A national apartment owner with plenty of familiarity with Huntington Beach has signed on to that city’s Pacific City mixed-use development.
Highlands Ranch, Colo.-based UDR Inc., one of the country’s largest apartment owners, recently took over ownership of the multifamily portion of Pacific City, the 31-acre project south of the Huntington Beach Pier on Pacific Coast Highway.
UDR bought the land that’s slated to hold about 516 apartments from Miami-based Crescent Heights about a month ago, according to property records.
A sale price for the land wasn’t immediately disclosed.
The site adds to a growing Huntington Beach presence for UDR, which owned 13 communities in OC as of last year and had a development portfolio in the county valued at $288 million.
Recent projects that UDR has taken up in Surf City include the Residences at Bella Terra, a 467-unit complex the company opened last year. It recently valued the complex near the Bella Terra shopping center at nearly $150 million.
This summer, UDR plans to begin preleasing for Beach + Ocean, a 173-unit complex on Beach Boulevard. The company paid close to $13 million for the land for that project—previously called Beach Walk—and expected the development to cost a little more than $50 million, according to regulatory filings.
UDR has “a proven track record of moving projects along expeditiously,” according to a recent letter from City Manager Fred Wilson to the city council.

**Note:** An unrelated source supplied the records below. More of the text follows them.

lemma distr_last_density_markov_kernel:
  fixes n :: nat and C :: "(nat \<Rightarrow> real) measure" and K :: "(nat \<Rightarrow> real) \<Rightarrow> real measure"
  defines "A \<equiv> marg_first (Suc n) C"
  assumes sets_C: "sets C = sets (cube_space (Suc n))" and K: "is_markov_kernel (Suc n) C K"
    and E[measurable]: "E \<in> sets (cube_space n)"
  shows "distr (density C (\<lambda>z. indicator E (restrict z {..<n}))) borel (\<lambda>z. z n)
    = density A (indicator E) \<bind> K"
proof (rule measure_eqI)
  have [measurable]: "(\<lambda>z. restrict z {..<n}) \<in> C \<rightarrow>\<^sub>M cube_space n"
    by (rule measurable_cube_restrict[OF sets_C])
  have [measurable]: "(\<lambda>z. z n) \<in> C \<rightarrow>\<^sub>M borel"
    by (rule measurable_cube_component[OF sets_C])
  have E_A[measurable]: "E \<in> sets A"
    by (simp add: A_def)
  have K_E: "K \<in> density A (indicator E) \<rightarrow>\<^sub>M subprob_algebra borel"
    unfolding A_def by (rule measurable_markov_kernel_density[OF K])
  have nonempty: "space (density A (indicator E)) \<noteq> {}"
    by (simp add: A_def marg_first_def space_cube_space PiE_eq_empty_iff)
  show "sets (distr (density C (\<lambda>z. indicator E (restrict z {..<n}))) borel (\<lambda>z. z n))
      = sets (density A (indicator E) \<bind> K)"
    using sets_bind[OF sets_kernel[OF K_E] nonempty] by simp
  fix F assume "F \<in> sets (distr (density C (\<lambda>z. indicator E (restrict z {..<n}))) borel (\<lambda>z. z n))"
  then have F[measurable]: "F \<in> sets borel"
    by simp
  have "emeasure (distr (density C (\<lambda>z. indicator E (restrict z {..<n}))) borel (\<lambda>z. z n)) F
      = (\<integral>\<^sup>+ z. indicator E (restrict z {..<n}) * indicator ((\<lambda>z. z n) -` F \<inter> space C) z \<partial>C)"
    by (simp add: emeasure_distr emeasure_density)
  also have "\<dots> = (\<integral>\<^sup>+ z. indicator {z\<in>space C. restrict z {..<n} \<in> E \<and> z n \<in> F} z \<partial>C)"
    by (intro nn_integral_cong) (auto split: split_indicator)
  also have "\<dots> = emeasure C {z\<in>space C. restrict z {..<n} \<in> E \<and> z n \<in> F}"
    by (intro nn_integral_indicator) measurable
  also have "\<dots> = (\<integral>\<^sup>+ x\<in>E. emeasure (K x) F \<partial>A)"
    unfolding A_def by (rule markov_kernel_emeasure[OF K E F])
  also have "\<dots> = emeasure (density A (indicator E) \<bind> K) F"
    unfolding emeasure_bind[OF nonempty K_E F]
    using measurable_emeasure_kernel[OF K_E F]
    by (subst nn_integral_density) (auto simp: mult.commute)
  finally show "emeasure (distr (density C (\<lambda>z. indicator E (restrict z {..<n}))) borel (\<lambda>z. z n)) F
      = emeasure (density A (indicator E) \<bind> K) F" .
qed

lemma nn_integral_markov_kernel:
  fixes n :: nat and C :: "(nat \<Rightarrow> real) measure" and K :: "(nat \<Rightarrow> real) \<Rightarrow> real measure"
  defines "A \<equiv> marg_first (Suc n) C"
  assumes sets_C: "sets C = sets (cube_space (Suc n))" and K: "is_markov_kernel (Suc n) C K"
    and E[measurable]: "E \<in> sets (cube_space n)" and h[measurable]: "h \<in> borel_measurable borel"
  shows "(\<integral>\<^sup>+ z. indicator E (restrict z {..<n}) * h (z n) \<partial>C)
    = (\<integral>\<^sup>+ x\<in>E. (\<integral>\<^sup>+ y. h y \<partial>K x) \<partial>A)"
proof -
  have [measurable]: "(\<lambda>z. restrict z {..<n}) \<in> C \<rightarrow>\<^sub>M cube_space n"
    by (rule measurable_cube_restrict[OF sets_C])
  have [measurable]: "(\<lambda>z. z n) \<in> C \<rightarrow>\<^sub>M borel"
    by (rule measurable_cube_component[OF sets_C])
  have [measurable]: "K \<in> A \<rightarrow>\<^sub>M subprob_algebra borel"
    unfolding A_def by (rule measurable_prob_algebraD[OF markov_kernel_measurable[OF K]])
  have [measurable]: "E \<in> sets A"
    by (simp add: A_def)
  have "(\<integral>\<^sup>+ z. indicator E (restrict z {..<n}) * h (z n) \<partial>C)
      = (\<integral>\<^sup>+ y. h y \<partial>distr (density C (\<lambda>z. indicator E (restrict z {..<n}))) borel (\<lambda>z. z n))"
    by (simp add: nn_integral_density nn_integral_distr)
  also have "\<dots> = (\<integral>\<^sup>+ x. (\<integral>\<^sup>+ y. h y \<partial>K x) \<partial>density A (indicator E))"
    unfolding distr_last_density_markov_kernel[OF sets_C K E, folded A_def]
    by (rule nn_integral_bind[OF h measurable_markov_kernel_density[OF K, folded A_def]])
  also have "\<dots> = (\<integral>\<^sup>+ x\<in>E. (\<integral>\<^sup>+ y. h y \<partial>K x) \<partial>A)"
    by (subst nn_integral_density) (auto simp: mult.commute)
  finally show ?thesis .
qed

section \<open>The upper bound\<close>

lemma measure_marg_first_kernel_mean_ge:
  fixes n :: nat and C :: "(nat \<Rightarrow> real) measure" and K :: "(nat \<Rightarrow> real) \<Rightarrow> real measure"
    and h :: "real \<Rightarrow> real"
  defines "A \<equiv> marg_first (Suc n) C"
  assumes "prob_space C" and sets_C: "sets C = sets (cube_space (Suc n))"
    and K: "is_markov_kernel (Suc n) C K" and h[measurable]: "h \<in> borel_measurable borel"
    and h_bound: "\<And>G. G \<in> sets C \<Longrightarrow>
      (\<integral>\<^sup>+ z. indicator G z * ennreal (h (z n)) \<partial>C) \<le> ennreal (measure C G - (measure C G)\<^sup>2/2)"
    and S[measurable]: "S \<in> sets (cube_space n)" and c: "0 \<le> c" "c \<le> 1"
    and mean: "AE x in A. x \<in> S \<longrightarrow> ennreal c \<le> (\<integral>\<^sup>+ y. ennreal (h y) \<partial>K x)"
  shows "measure A S \<le> 2 - 2 * c"
proof -
  interpret C: prob_space C by fact
  have X[measurable]: "(\<lambda>z. restrict z {..<n}) \<in> C \<rightarrow>\<^sub>M cube_space n"
    by (rule measurable_cube_restrict[OF sets_C])
  have Y[measurable]: "(\<lambda>z. z n) \<in> C \<rightarrow>\<^sub>M borel"
    by (rule measurable_cube_component[OF sets_C])
  have K_A[measurable]: "K \<in> A \<rightarrow>\<^sub>M subprob_algebra borel"
    unfolding A_def by (rule measurable_prob_algebraD[OF markov_kernel_measurable[OF K]])
  interpret A: prob_space A
    unfolding A_def by (rule prob_space_marg_first) fact+
  have S_A[measurable]: "S \<in> sets A"
    by (simp add: A_def)
  define G where "G = {z\<in>space C. restrict z {..<n} \<in> S}"
  have G[measurable]: "G \<in> sets C"
    unfolding G_def by measurable
  define p where "p = measure A S"
  have p: "0 \<le> p" "p \<le> 1" "p = measure C G"
    unfolding p_def by (auto simp: A_def G_def measure_marg_first[OF sets_C S])
  have "ennreal (c * p) = (\<integral>\<^sup>+ x\<in>S. ennreal c \<partial>A)"
    using c p by (simp add: p_def nn_integral_cmult_indicator A.emeasure_eq_measure ennreal_mult mult.commute)
  also have "\<dots> \<le> (\<integral>\<^sup>+ x\<in>S. (\<integral>\<^sup>+ y. ennreal (h y) \<partial>K x) \<partial>A)"
    using mean by (intro nn_integral_mono_AE) (auto split: split_indicator)
  also have "\<dots> = (\<integral>\<^sup>+ z. indicator G z * ennreal (h (z n)) \<partial>C)"
    unfolding A_def nn_integral_markov_kernel[OF sets_C K S, symmetric, of "\<lambda>y. ennreal (h y)", simplified]
    by (intro nn_integral_cong) (auto simp: G_def split: split_indicator)
  also have "\<dots> \<le> ennreal (p - p\<^sup>2/2)"
    using h_bound[OF G] p by simp
  finally have "ennreal (c * p) \<le> ennreal (p - p\<^sup>2/2)" .
  moreover have "p\<^sup>2 \<le> p"
    using p(1,2) by (simp add: power2_eq_square mult_left_le)
  ultimately have "c * p \<le> p - p\<^sup>2/2"
    using p(1) ennreal_le_iff[of "p - p\<^sup>2/2" "c * p"] by simp
  then have "0 \<le> p * (1 - p/2 - c)"
    by (simp add: power2_eq_square algebra_simps)
  then have "p = 0 \<or> 0 \<le> 1 - p/2 - c"
    using p(1) by (auto simp: zero_le_mult_iff)
  then show ?thesis
    using c unfolding p_def by auto
qed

The land sale to UDR appears to remove Crescent Heights from the Pacific City project a little more than two years after the master developer bought the then-financially distressed project for a reported $52.5 million—the first and only OC investment the company’s known to have made.
Crescent Heights has already sold land that will hold the retail portion of the development to San Jose-based DJM Capital Partners Inc., the owner of the Bella Terra shopping center, as well as the land that will hold the hotel portion of the project.
A partnership between R.D. Olson and Pacific Hospitality Group, both of Irvine, is now handling the hotel project.
Pacific City, in addition to apartments, is slated to have about 191,100 square feet of retail development and an eight-story hotel.
Shea Sale
Shea Properties has sold one of three remaining buildings it owns at Town Center Corporate Park, an office complex in its hometown of Aliso Viejo.
Intercap Lending, a mortgage company previously based in Irvine, bought the 53,115-square-foot office building at 26880 Aliso Viejo Parkway.
The office, at Aliso Viejo Parkway and Pacific Park, sold for approximately $9.5 million, or about $179 per square foot.
Newmark Grubb Knight Frank brokers Doug Mathews and Gary Allen, along with PM Realty Group’s Tim Joyce, arranged the sale on behalf of Shea.
“We chose the Aliso Viejo location for many reasons,” said Ron Harsini, chairman of Intercap, “but mainly because of the easy access to the toll roads for our employees and the wide range of amenities, including food and entertainment options” in the area.
The lender will occupy a bulk of the space at the multitenant building, which is fully leased, according to CoStar Group Inc. data.
Shea Regional Vice President Brian Meihaus said it sold the office, one of five buildings at Town Center Corporate Park, as part of “a selective and disciplined sales program within its portfolio.”
“The goal of this program is to create a balanced portfolio of office, industrial, retail and multifamily assets,” Meihaus said.
Q-Logic Corp., which is headquartered nearby, bought another building at Town Center Corporate Park last year. Shea built the complex in 2000 and is looking to sell two other buildings it owns at the campus that total about 73,000 square feet combined.